As last year drew to a close, big tobacco was struggling to pitch its vaping products against trendy challenger brands.

Last year’s standout player – ElfBar – amassed a staggering £322m in supermarkets and c-stores in the year to 10 September. That put it well ahead of the £85.1m in sales racked up by number two brand, BAT’s Vuse. In third place was fellow disposable challenger Geek Bar, which sold £44.7m – outpacing Imperial’s Blu, BAT’s 10 Motives and JTI’s Logic.

Although both Imperial and BAT had their own disposable products, they simply hadn’t gained the same momentum.

Big tobacco may have therefore breathed a sigh of relief this year when ElfBar got its fingers burned in a large-scale product recall. The brand undertook a “voluntary withdrawal” after it emerged some of its vapes carried 50% more nicotine content than the permitted amount.

It leaves clear space for the tobacco giants to profit. And now, Philip Morris International (PMI) looks set to be among those reaping the rewards. Yesterday, it became the third of the four tobacco giants to decide ‘if you can’t beat them, join them’.

Its newly launched Veeba disposable vape is available in nine flavours with a nicotine strength of 1.8% (20mg/ml). It comes at £4.99 a stick at wholesalers and online trading platform of PML, the affiliate of PMI in the UK and Ireland.

PML’s marketing says reams about the strategy of big tobacco. In the wake of the Elf Bar fiasco, the manufacturer has wasted no time in emphasising the legitimacy of its product, which rolled out in Canada last July. Every production batch receives a certificate of analysis (COA) and undergoes regular randomised checks to ensure the correct liquid composition and nicotine content.

The tobacco giant also claims to be consciously avoiding any potential youth appeal. This is in response to widespread complaints over disposable brands using bright colours, confectionery flavours, and even cartoon imagery to appeal to teenagers.

“Retailers can feel assured that by listing Veeba, they are stocking a smoke-free product that adheres to local laws and in many cases strives to go even further,” said PML head of commercial planning Kate O’Dowd.

This also highlights another key advantage for big tobacco firms. They have decades of experience working with the retailers – and like them or not, they are far more of a known quantity than the likes of ElfBar.

It’s notable that JTI is the only remaining tobacco giant to have stayed away from disposables. It’s clearly riled by the success of the market, which has largely been built on youth appeal and has been dogged by breaches of health and environmental laws. At The Grocer’s business lunch today, the company called for tighter rules on disposables to tackle these issues – perhaps by bringing vaping penalties in line with those for tobacco products.

Granted, tougher rules for disposable vapes would be to the benefit of nicotine pouches – of which JTI is a leading manufacturer with Nordic Spirit – and heated tobacco, into which JTI launched its Ploom X device in November.

But this isn’t an entirely self-serving suggestion. There is growing political support for greater restrictions on disposable vapes, including measures to mitigate their environmental damage.

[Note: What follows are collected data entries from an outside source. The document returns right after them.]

(* With only one of A, B, C nonzero, f_omega is a shear of two coordinates driven by the
   third one, and a suitable phase realises any displacement (d1, d2) with |d1| + |d2| <= U.
   Its derivative is v |-> v + v_k (d2, -d1) on the two moved coordinates: it depends on the
   displacement only, not on the base point.  Iterating small equal steps therefore realises
   an arbitrary displacement t while adding v_k (t2, -t1) to the tangent vector.  If v_k /= 0
   this sets the other two components of v at will; if v_k = 0 it moves the point and leaves v
   unchanged.  Hence any nonzero tangent vector can be turned into any other by a translation
   independent of the base point, and e_2 can be carried between any two points unchanged.
   Chaining v -> e_2, a translation of e_2, and e_2 -> v* hits x* and v* exactly. *)

lemma polar_phase:
  fixes d1 d2 z :: real
  obtains r \<alpha> where "\<bar>r\<bar> \<le> \<bar>d1\<bar> + \<bar>d2\<bar>" "0 \<le> \<alpha>" "\<alpha> < 2 * pi"
    "r * sin (z + \<alpha>) = d1" "r * cos (z + \<alpha>) = d2"
proof -
  define c where "c = Complex d2 d1 * cis (- z)"
  define r \<alpha> where "r = cmod c" and "\<alpha> = Arg2pi c"
  have r_cos: "r * cos \<alpha> = d2 * cos z + d1 * sin z"
    and r_sin: "r * sin \<alpha> = d1 * cos z - d2 * sin z"
    using cos_Arg2pi[of c] sin_Arg2pi[of c] by (simp_all add: r_def \<alpha>_def c_def)
  have "r * sin (z + \<alpha>) = sin z * (r * cos \<alpha>) + cos z * (r * sin \<alpha>)"
    by (simp add: sin_add algebra_simps)
  also have "\<dots> = d1 * ((sin z)\<^sup>2 + (cos z)\<^sup>2)"
    unfolding r_cos r_sin by algebra
  finally have sin_eq: "r * sin (z + \<alpha>) = d1" by simp
  have "r * cos (z + \<alpha>) = cos z * (r * cos \<alpha>) - sin z * (r * sin \<alpha>)"
    by (simp add: cos_add algebra_simps)
  also have "\<dots> = d2 * ((sin z)\<^sup>2 + (cos z)\<^sup>2)"
    unfolding r_cos r_sin by algebra
  finally have cos_eq: "r * cos (z + \<alpha>) = d2" by simp
  have "\<bar>r\<bar> \<le> \<bar>d1\<bar> + \<bar>d2\<bar>"
    using cmod_le[of "Complex d2 d1"] by (simp add: r_def c_def norm_mult)
  moreover have "0 \<le> \<alpha>" "\<alpha> < 2 * pi"
    using Arg2pi[of c] by (simp_all add: \<alpha>_def)
  ultimately show ?thesis
    using sin_eq cos_eq by (rule that)
qed

lemma axis_component: "axis i x $ j = (if j = i then x else 0)"
  by (simp add: axis_def)

definition shear_map :: "3 \<Rightarrow> 3 \<Rightarrow> 3 \<Rightarrow> real \<Rightarrow> real \<Rightarrow> real^3 \<Rightarrow> real^3" where
  "shear_map i j k a \<theta> p =
     p + (a * sin (p$k + \<theta>)) *\<^sub>R axis i 1 + (a * cos (p$k + \<theta>)) *\<^sub>R axis j 1"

The growing concerns over how they are disposed were compounded by research published this week, which found only 16 of more than 150 of the biggest vape brands in the UK have registered to comply with environmental regulations on electrical waste, which obliges them to fund recycling.

It seems inevitable there will be a crackdown at some point. But if the likes of PMI get ahead of these concerns by tackling them head-on – and they certainly have the deep pockets and experience to do so – they could secure an advantage in the growing disposable market.

ElfBar may have lit the fuse on disposable vaping. But as might be said of another controversial industry, in the long run, the house always wins.